Ich begann zu begreifen, daß die Gabe, die ich empfangen hatte, als ich Mitglied der Pfingstbewegung war, und von der ich geglaubt hatte, daß sie von Gott stammte, in Wirklichkeit auf die Wirksamkeit Satans und seiner bösen Geistermächte zurückzuführen war. Die Bibel sagt warnend, daß Satan selbst „immer wieder die Gestalt eines Engels des Lichts“ annimmt und daß er viele mit „lügenhaften Zeichen und Wundern und mit jedem Trug der Ungerechtigkeit“ täuscht (2. Kor. 11:14; 2. Thess. 2:9, 10).
Wie glücklich bin ich, daß ich das alles jetzt weiß! Vor allem aber hat mir die Erkenntnis, daß Gott vorhat, seine gerechte Königreichsregierung zum Segen aller, die ihn mit Geist und Wahrheit anbeten, über die Erde einzusetzen, Herzensfrieden und Zufriedenheit geschenkt. Bald wird unter dieser Königreichsregierung folgende Verheißung der Bibel in Erfüllung gehen: „Und Gott selbst wird bei ihnen [den Menschen] sein. Und er wird jede Träne von ihren Augen abwischen, und der Tod wird nicht mehr sein, noch wird Trauer, noch Geschrei, noch Schmerz mehr sein“ (Offb. 21:3, 4).
Ich predige noch, aber anders
Vor fünfzehn Jahren habe ich mich dem wahren Gott, Jehova, hingegeben und diese Hingabe durch die Wassertaufe symbolisiert. Nach meiner Taufe bestand mein hauptsächliches Lebensziel darin, an der Erfüllung der Prophezeiung Jesu Christi, des Sohnes Gottes, einen Anteil zu haben: „Diese gute Botschaft vom Königreich wird auf der ganzen bewohnten Erde gepredigt werden, allen Nationen zu einem Zeugnis; und dann wird das Ende [des gegenwärtigen Systems der Dinge] kommen“ (Matth. 24:14).

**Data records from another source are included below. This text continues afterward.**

(* Let $X:\Omega\to\mathbb{R}^3$ be a timelike minimal surface in $\mathbb{L}^3$ which is a smooth graph over a timelike plane $P$ (through the origin). Let $\{b_2,b_3\}$ be a basis of $P$ orthonormal with respect to $\langle\cdot,\cdot\rangle$, with $b_2$ spacelike and $b_3$ timelike, and let $b_1=N$ be the unit spacelike normal of $P$, so that $\{b_1,b_2,b_3\}$ is an orthonormal basis of $\mathbb{L}^3$. Writing the surface, via the inverse of the (diffeomorphic) orthogonal projection onto $P$, as $X(x_2,x_3)$ over points $x_2b_2+x_3b_3$ of $P$, define $\psi(x_2,x_3)=\langle X(x_2,x_3),N\rangle$, so that $X(x_2,x_3)=\psi(x_2,x_3)N+x_2b_2+x_3b_3$. Then $\psi$ satisfies the Born-Infeld equation in the variables $x_2,x_3$, i.e. $\psi$ is a Born-Infeld soliton.
   Context: $\mathbb{L}^3$ denotes $\mathbb{R}^3$ with the metric $\langle\cdot,\cdot\rangle$ given by $ds^2=dx^2+dy^2-dz^2$. A surface is timelike if its induced metric is Lorentzian, minimal if its mean curvature vanishes. A function $\psi$ on an open set of the $(u,v)$-plane is a Born-Infeld soliton (in the variables $u,v$) if $(1-\psi_v^2)\psi_{uu}+2\psi_u\psi_v\psi_{uv}-(1+\psi_u^2)\psi_{vv}=0$. *)

theory Defs
  imports "HOL-Analysis.Analysis"
begin

definition linner :: "real^3 \<Rightarrow> real^3 \<Rightarrow> real" where
  "linner x y = x$1 * y$1 + x$2 * y$2 - x$3 * y$3"

text \<open>Lorentzian cross product: orthogonal (w.r.t. linner) to both arguments.\<close>
definition lcross :: "real^3 \<Rightarrow> real^3 \<Rightarrow> real^3" where
  "lcross a b = vector [a$2 * b$3 - a$3 * b$2, a$3 * b$1 - a$1 * b$3, -(a$1 * b$2 - a$2 * b$1)]"

definition pd :: "bool \<Rightarrow> (real \<times> real \<Rightarrow> 'a::real_normed_vector) \<Rightarrow> real \<times> real \<Rightarrow> 'a" where
  "pd d f p = (if d then vector_derivative (\<lambda>t. f (t, snd p)) (at (fst p))
                    else vector_derivative (\<lambda>t. f (fst p, t)) (at (snd p)))"

fun iter_pd :: "bool list \<Rightarrow> (real \<times> real \<Rightarrow> 'a::real_normed_vector) \<Rightarrow> real \<times> real \<Rightarrow> 'a" where
  "iter_pd [] f = f"
| "iter_pd (d # ds) f = pd d (iter_pd ds f)"

definition smooth_on2 :: "(real \<times> real) set \<Rightarrow> (real \<times> real \<Rightarrow> 'a::real_normed_vector) \<Rightarrow> bool" where
  "smooth_on2 U f \<longleftrightarrow> (\<forall>ds. \<forall>p\<in>U. iter_pd ds f differentiable (at p))"

definition fundE :: "(real \<times> real \<Rightarrow> real^3) \<Rightarrow> real \<times> real \<Rightarrow> real" where
  "fundE X p = linner (pd True X p) (pd True X p)"
definition fundF :: "(real \<times> real \<Rightarrow> real^3) \<Rightarrow> real \<times> real \<Rightarrow> real" where
  "fundF X p = linner (pd True X p) (pd False X p)"
definition fundG :: "(real \<times> real \<Rightarrow> real^3) \<Rightarrow> real \<times> real \<Rightarrow> real" where
  "fundG X p = linner (pd False X p) (pd False X p)"

definition timelike_surface :: "(real \<times> real) set \<Rightarrow> (real \<times> real \<Rightarrow> real^3) \<Rightarrow> bool" where
  "timelike_surface U X \<longleftrightarrow> (\<forall>p\<in>U. fundE X p * fundG X p - (fundF X p)^2 < 0)"

definition unit_normal :: "(real \<times> real \<Rightarrow> real^3) \<Rightarrow> real \<times> real \<Rightarrow> real^3" where
  "unit_normal X p = (let n = lcross (pd True X p) (pd False X p)
                      in (1 / sqrt \<bar>linner n n\<bar>) *\<^sub>R n)"

definition mean_curvature :: "(real \<times> real \<Rightarrow> real^3) \<Rightarrow> real \<times> real \<Rightarrow> real" where
  "mean_curvature X p =
     (let n = unit_normal X p;
          e = linner (pd True (pd True X) p) n;
          f = linner (pd True (pd False X) p) n;
          g = linner (pd False (pd False X) p) n;
          E = fundE X p; F = fundF X p; G = fundG X p
      in linner n n * (e * G - 2 * f * F + g * E) / (2 * (E * G - F^2)))"

definition minimal_surface :: "(real \<times> real) set \<Rightarrow> (real \<times> real \<Rightarrow> real^3) \<Rightarrow> bool" where
  "minimal_surface U X \<longleftrightarrow> (\<forall>p\<in>U. mean_curvature X p = 0)"

definition born_infeld_soliton :: "(real \<times> real) set \<Rightarrow> (real \<times> real \<Rightarrow> real) \<Rightarrow> bool" where
  "born_infeld_soliton U \<psi> \<longleftrightarrow>
     (\<forall>p\<in>U. (1 - (pd False \<psi> p)^2) * pd True (pd True \<psi>) p
              + 2 * pd True \<psi> p * pd False \<psi> p * pd True (pd False \<psi>) p
              - (1 + (pd True \<psi> p)^2) * pd False (pd False \<psi>) p = 0)"

end

theory Submission
  imports Defs
begin

text \<open>Over the plane spanned by \<open>b2, b3\<close> the graph \<open>X = \<psi> N + x2 b2 + x3 b3\<close> has
  \<open>X_u = \<psi>_u N + b2\<close> and \<open>X_v = \<psi>_v N + b3\<close>, so \<open>E = 1 + \<psi>_u^2\<close>, \<open>F = \<psi>_u \<psi>_v\<close> and
  \<open>G = \<psi>_v^2 - 1\<close>, while every second derivative of \<open>X\<close> is a multiple of \<open>N\<close>.
  Since \<open>N\<close> is transversal to the surface (\<open>\<langle>N, X_u \<times> X_v\<rangle> = \<langle>N, b2 \<times> b3\<rangle> = \<plusminus>1\<close>),
  the mean curvature vanishes exactly when \<open>\<psi>_uu G - 2 \<psi>_uv F + \<psi>_vv E = 0\<close>, and this is
  the Born-Infeld equation up to sign.\<close>

lemma has_vector_derivative_pd:
  fixes f :: "real \<times> real \<Rightarrow> 'a::real_normed_vector"
  assumes "f differentiable (at p)"
  shows "((\<lambda>t. f (t, snd p)) has_vector_derivative pd True f p) (at (fst p))"
    and "((\<lambda>t. f (fst p, t)) has_vector_derivative pd False f p) (at (snd p))"
proof -
  have "(\<lambda>t. (t, snd p)) differentiable (at (fst p))" "(\<lambda>t. (fst p, t)) differentiable (at (snd p))"
    by (auto intro: derivative_intros)
  then have "(f \<circ> (\<lambda>t. (t, snd p))) differentiable (at (fst p))"
    "(f \<circ> (\<lambda>t. (fst p, t))) differentiable (at (snd p))"
    using assms by (auto intro!: differentiable_chain_at)
  then show "((\<lambda>t. f (t, snd p)) has_vector_derivative pd True f p) (at (fst p))"
    and "((\<lambda>t. f (fst p, t)) has_vector_derivative pd False f p) (at (snd p))"
    by (simp_all add: pd_def o_def vector_derivative_works)
qed

lemma pd_cong_nhds:
  assumes "eventually (\<lambda>q. f q = g q) (nhds p)"
  shows "pd d f p = pd d g p"
proof -
  have "((\<lambda>t. (t, snd p)) \<longlongrightarrow> p) (nhds (fst p))" "((\<lambda>t. (fst p, t)) \<longlongrightarrow> p) (nhds (snd p))"
    by (auto intro!: tendsto_eq_intros filterlim_ident)
  then have "eventually (\<lambda>t. f (t, snd p) = g (t, snd p)) (nhds (fst p))"
    "eventually (\<lambda>t. f (fst p, t) = g (fst p, t)) (nhds (snd p))"
    using assms by (auto simp: filterlim_iff)
  then show ?thesis
    unfolding pd_def by (auto intro!: vector_derivative_cong_eq)
qed

lemma pd_scaleR_add_const:
  fixes g :: "real \<times> real \<Rightarrow> real"
  assumes "g differentiable (at p)"
  shows "pd d (\<lambda>q. g q *\<^sub>R v + c) p = pd d g p *\<^sub>R v"
proof -
  have "((\<lambda>t. g (t, snd p) *\<^sub>R v + c) has_vector_derivative pd True g p *\<^sub>R v) (at (fst p))"
    "((\<lambda>t. g (fst p, t) *\<^sub>R v + c) has_vector_derivative pd False g p *\<^sub>R v) (at (snd p))"
    using has_vector_derivative_pd[OF assms]
    by (auto intro!: derivative_eq_intros simp: has_real_derivative_iff_has_vector_derivative[symmetric])
  then show ?thesis
    by (cases d) (simp_all add: pd_def vector_derivative_at)
qed

definition plane_graph ::
    "(real \<times> real \<Rightarrow> real) \<Rightarrow> 'a::real_normed_vector \<Rightarrow> 'a \<Rightarrow> 'a \<Rightarrow> real \<times> real \<Rightarrow> 'a" where
  "plane_graph \<psi> v a b q = \<psi> q *\<^sub>R v + fst q *\<^sub>R a + snd q *\<^sub>R b"

lemma pd_plane_graph:
  assumes "\<psi> differentiable (at p)"
  shows "pd d (plane_graph \<psi> v a b) p = pd d \<psi> p *\<^sub>R v + (if d then a else b)"
proof -
  have "((\<lambda>t. plane_graph \<psi> v a b (t, snd p)) has_vector_derivative pd True \<psi> p *\<^sub>R v + a) (at (fst p))"
    "((\<lambda>t. plane_graph \<psi> v a b (fst p, t)) has_vector_derivative pd False \<psi> p *\<^sub>R v + b) (at (snd p))"
    using has_vector_derivative_pd[OF assms] unfolding plane_graph_def
    by (auto intro!: derivative_eq_intros simp: has_real_derivative_iff_has_vector_derivative[symmetric])
  then show ?thesis
    by (cases d) (simp_all add: pd_def vector_derivative_at)
qed

lemma pd_pd_plane_graph:
  assumes "open U" "p \<in> U" "\<And>q. q \<in> U \<Longrightarrow> \<psi> differentiable (at q)"
    and "pd d \<psi> differentiable (at p)"
  shows "pd d' (pd d (plane_graph \<psi> v a b)) p = pd d' (pd d \<psi>) p *\<^sub>R v"
proof -
  have "eventually (\<lambda>q. pd d (plane_graph \<psi> v a b) q = pd d \<psi> q *\<^sub>R v + (if d then a else b)) (nhds p)"
    using assms(1-3) by (auto simp: eventually_nhds pd_plane_graph)
  then have "pd d' (pd d (plane_graph \<psi> v a b)) p = pd d' (\<lambda>q. pd d \<psi> q *\<^sub>R v + (if d then a else b)) p"
    by (rule pd_cong_nhds)
  also have "\<dots> = pd d' (pd d \<psi>) p *\<^sub>R v"
    by (rule pd_scaleR_add_const[OF assms(4)])
  finally show ?thesis .
qed

lemma linner_commute: "linner x y = linner y x"
  by (simp add: linner_def algebra_simps)

lemma linner_add_left: "linner (x + y) z = linner x z + linner y z"
  and linner_add_right: "linner z (x + y) = linner z x + linner z y"
  and linner_scaleR_left: "linner (c *\<^sub>R x) y = c * linner x y"
  and linner_scaleR_right: "linner x (c *\<^sub>R y) = c * linner x y"
  by (simp_all add: linner_def algebra_simps)

lemma lcross_nth:
  "lcross a b $ 1 = a$2 * b$3 - a$3 * b$2"
  "lcross a b $ 2 = a$3 * b$1 - a$1 * b$3"
  "lcross a b $ 3 = -(a$1 * b$2 - a$2 * b$1)"
  by (simp_all add: lcross_def)

lemma linner_lcross_self: "linner (lcross x y) (lcross x y) = (linner x y)^2 - linner x x * linner y y"
  by (simp add: linner_def lcross_nth power2_eq_square) algebra

lemma linner_lcross_add_scaleR_self: "linner x (lcross (a *\<^sub>R x + y) (b *\<^sub>R x + z)) = linner x (lcross y z)"
  by (simp add: linner_def lcross_nth) algebra

lemma linner_lcross_square:
  "(linner x (lcross y z))^2 =
   - linner x x * (linner y y * linner z z - (linner y z)^2)
   + linner x y * (linner x y * linner z z - linner y z * linner x z)
   - linner x z * (linner x y * linner y z - linner y y * linner x z)"
  by (simp add: linner_def lcross_nth power2_eq_square) algebra

lemma linner_lcross_orthonormal:
  assumes "linner N N = 1" "linner b2 b2 = 1" "linner b3 b3 = -1"
    and "linner N b2 = 0" "linner N b3 = 0" "linner b2 b3 = 0"
  shows "(linner N (lcross b2 b3))^2 = 1"
  by (simp add: linner_lcross_square assms)

lemma mean_curvature_eq_0_iff:
  fixes X :: "real \<times> real \<Rightarrow> real^3"
  assumes nondegenerate: "fundE X p * fundG X p - (fundF X p)^2 \<noteq> 0"
    and transversal: "linner v (lcross (pd True X p) (pd False X p)) \<noteq> 0"
    and "pd True (pd True X) p = r *\<^sub>R v" "pd True (pd False X) p = s *\<^sub>R v"
    and "pd False (pd False X) p = t *\<^sub>R v"
  shows "mean_curvature X p = 0 \<longleftrightarrow> r * fundG X p - 2 * s * fundF X p + t * fundE X p = 0"
proof -
  define m where "m = lcross (pd True X p) (pd False X p)"
  define c where "c = 1 / sqrt \<bar>linner m m\<bar>"
  have "linner m m = (fundF X p)^2 - fundE X p * fundG X p"
    unfolding m_def fundE_def fundF_def fundG_def by (rule linner_lcross_self)
  with nondegenerate have "linner m m \<noteq> 0" by simp
  then have "c \<noteq> 0" by (simp add: c_def)
  have "unit_normal X p = c *\<^sub>R m" by (simp add: unit_normal_def m_def c_def Let_def)
  then have "mean_curvature X p = c^2 * linner m m * (c * linner v m)
      * (r * fundG X p - 2 * s * fundF X p + t * fundE X p) / (2 * (fundE X p * fundG X p - (fundF X p)^2))"
    unfolding mean_curvature_def Let_def assms(3-5)
    by (simp add: linner_scaleR_left linner_scaleR_right power2_eq_square algebra_simps)
  with nondegenerate transversal \<open>linner m m \<noteq> 0\<close> \<open>c \<noteq> 0\<close> show ?thesis
    by (simp add: m_def)
qed

lemma fund_plane_graph:
  assumes "\<psi> differentiable (at p)"
    and "linner N N = 1" "linner b2 b2 = 1" "linner b3 b3 = -1"
    and "linner N b2 = 0" "linner N b3 = 0" "linner b2 b3 = 0"
  shows "fundE (plane_graph \<psi> N b2 b3) p = 1 + (pd True \<psi> p)^2"
    and "fundF (plane_graph \<psi> N b2 b3) p = pd True \<psi> p * pd False \<psi> p"
    and "fundG (plane_graph \<psi> N b2 b3) p = (pd False \<psi> p)^2 - 1"
  using assms
  by (simp_all add: fundE_def fundF_def fundG_def pd_plane_graph linner_add_left linner_add_right
      linner_scaleR_left linner_scaleR_right linner_commute[of b2 N] linner_commute[of b3 N]
      linner_commute[of b3 b2] power2_eq_square)

theorem lemma3p1:
  fixes U :: "(real \<times> real) set" and \<psi> :: "real \<times> real \<Rightarrow> real"
    and N b2 b3 :: "real^3"
  assumes "open U"
    and "smooth_on2 U \<psi>"
    and "linner N N = 1" and "linner b2 b2 = 1" and "linner b3 b3 = -1"
    and "linner N b2 = 0" and "linner N b3 = 0" and "linner b2 b3 = 0"
    and "timelike_surface U (\<lambda>(x2, x3). \<psi> (x2, x3) *\<^sub>R N + x2 *\<^sub>R b2 + x3 *\<^sub>R b3)"
    and "minimal_surface U (\<lambda>(x2, x3). \<psi> (x2, x3) *\<^sub>R N + x2 *\<^sub>R b2 + x3 *\<^sub>R b3)"
  shows "born_infeld_soliton U \<psi>"
  unfolding born_infeld_soliton_def
proof
  fix p assume "p \<in> U"
  let ?X = "plane_graph \<psi> N b2 b3"
  have X: "(\<lambda>(x2, x3). \<psi> (x2, x3) *\<^sub>R N + x2 *\<^sub>R b2 + x3 *\<^sub>R b3) = ?X"
    by (auto simp: plane_graph_def)
  have differentiable: "\<And>q. q \<in> U \<Longrightarrow> \<psi> differentiable (at q)"
    and pd_differentiable: "\<And>d q. q \<in> U \<Longrightarrow> pd d \<psi> differentiable (at q)"
    using assms(2) unfolding smooth_on2_def by (metis iter_pd.simps(1), metis iter_pd.simps)
  note fund = fund_plane_graph[OF differentiable[OF \<open>p \<in> U\<close>] assms(3-8)]
  have "fundE ?X p * fundG ?X p - (fundF ?X p)^2 \<noteq> 0"
    using assms(9) \<open>p \<in> U\<close> unfolding X timelike_surface_def by fastforce
  moreover have "linner N (lcross (pd True ?X p) (pd False ?X p)) \<noteq> 0"
    using linner_lcross_orthonormal[OF assms(3-8)] differentiable \<open>p \<in> U\<close>
    by (auto simp: pd_plane_graph linner_lcross_add_scaleR_self)
  moreover have "mean_curvature ?X p = 0"
    using assms(10) \<open>p \<in> U\<close> unfolding X minimal_surface_def by blast
  moreover have "pd d' (pd d ?X) p = pd d' (pd d \<psi>) p *\<^sub>R N" for d d'
    by (intro pd_pd_plane_graph[OF assms(1) \<open>p \<in> U\<close>] differentiable pd_differentiable \<open>p \<in> U\<close>)
  ultimately have "pd True (pd True \<psi>) p * fundG ?X p - 2 * pd True (pd False \<psi>) p * fundF ?X p
      + pd False (pd False \<psi>) p * fundE ?X p = 0"
    using mean_curvature_eq_0_iff by blast
  then show "(1 - (pd False \<psi> p)^2) * pd True (pd True \<psi>) p
      + 2 * pd True \<psi> p * pd False \<psi> p * pd True (pd False \<psi>) p
      - (1 + (pd True \<psi> p)^2) * pd False (pd False \<psi>) p = 0"
    unfolding fund by (simp add: algebra_simps)
qed

end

Besondere Freude bereitete es mir, daß ich vielen in meinem Heimatort S. Cataldo, wo ich als Prediger der Pfingstbewegung geamtet hatte, helfen durfte, die Wahrheit über Gottes Königreich kennenzulernen und sich an dem Werk der Verkündigung des Königreiches zu beteiligen. Wir, meine Familie und ich, leben jetzt in Turin (Norditalien). Ich freue mich sehr, zu sehen, daß die drei älteren meiner sieben Söhne angefangen haben, wie ich den Leuten in dieser Stadt die Botschaft zu verkündigen, daß Frieden und Glück nur durch Gottes Königreich kommen werden.
Wie Gottes Diener überall, so erwarten auch wir gespannt die vollständige Erfüllung folgender Prophezeiung der Bibel: „In den Tagen dieser Könige wird der Gott des Himmels ein Königreich aufrichten, das nie zugrunde gerichtet werden wird. Und das Königreich selbst wird an kein anderes Volk übergehen. Es wird alle diese Königreiche zermalmen und ihnen ein Ende bereiten, und es selbst wird für unabsehbare Zeiten bestehen“ (Dan. 2:44). (Eingesandt.)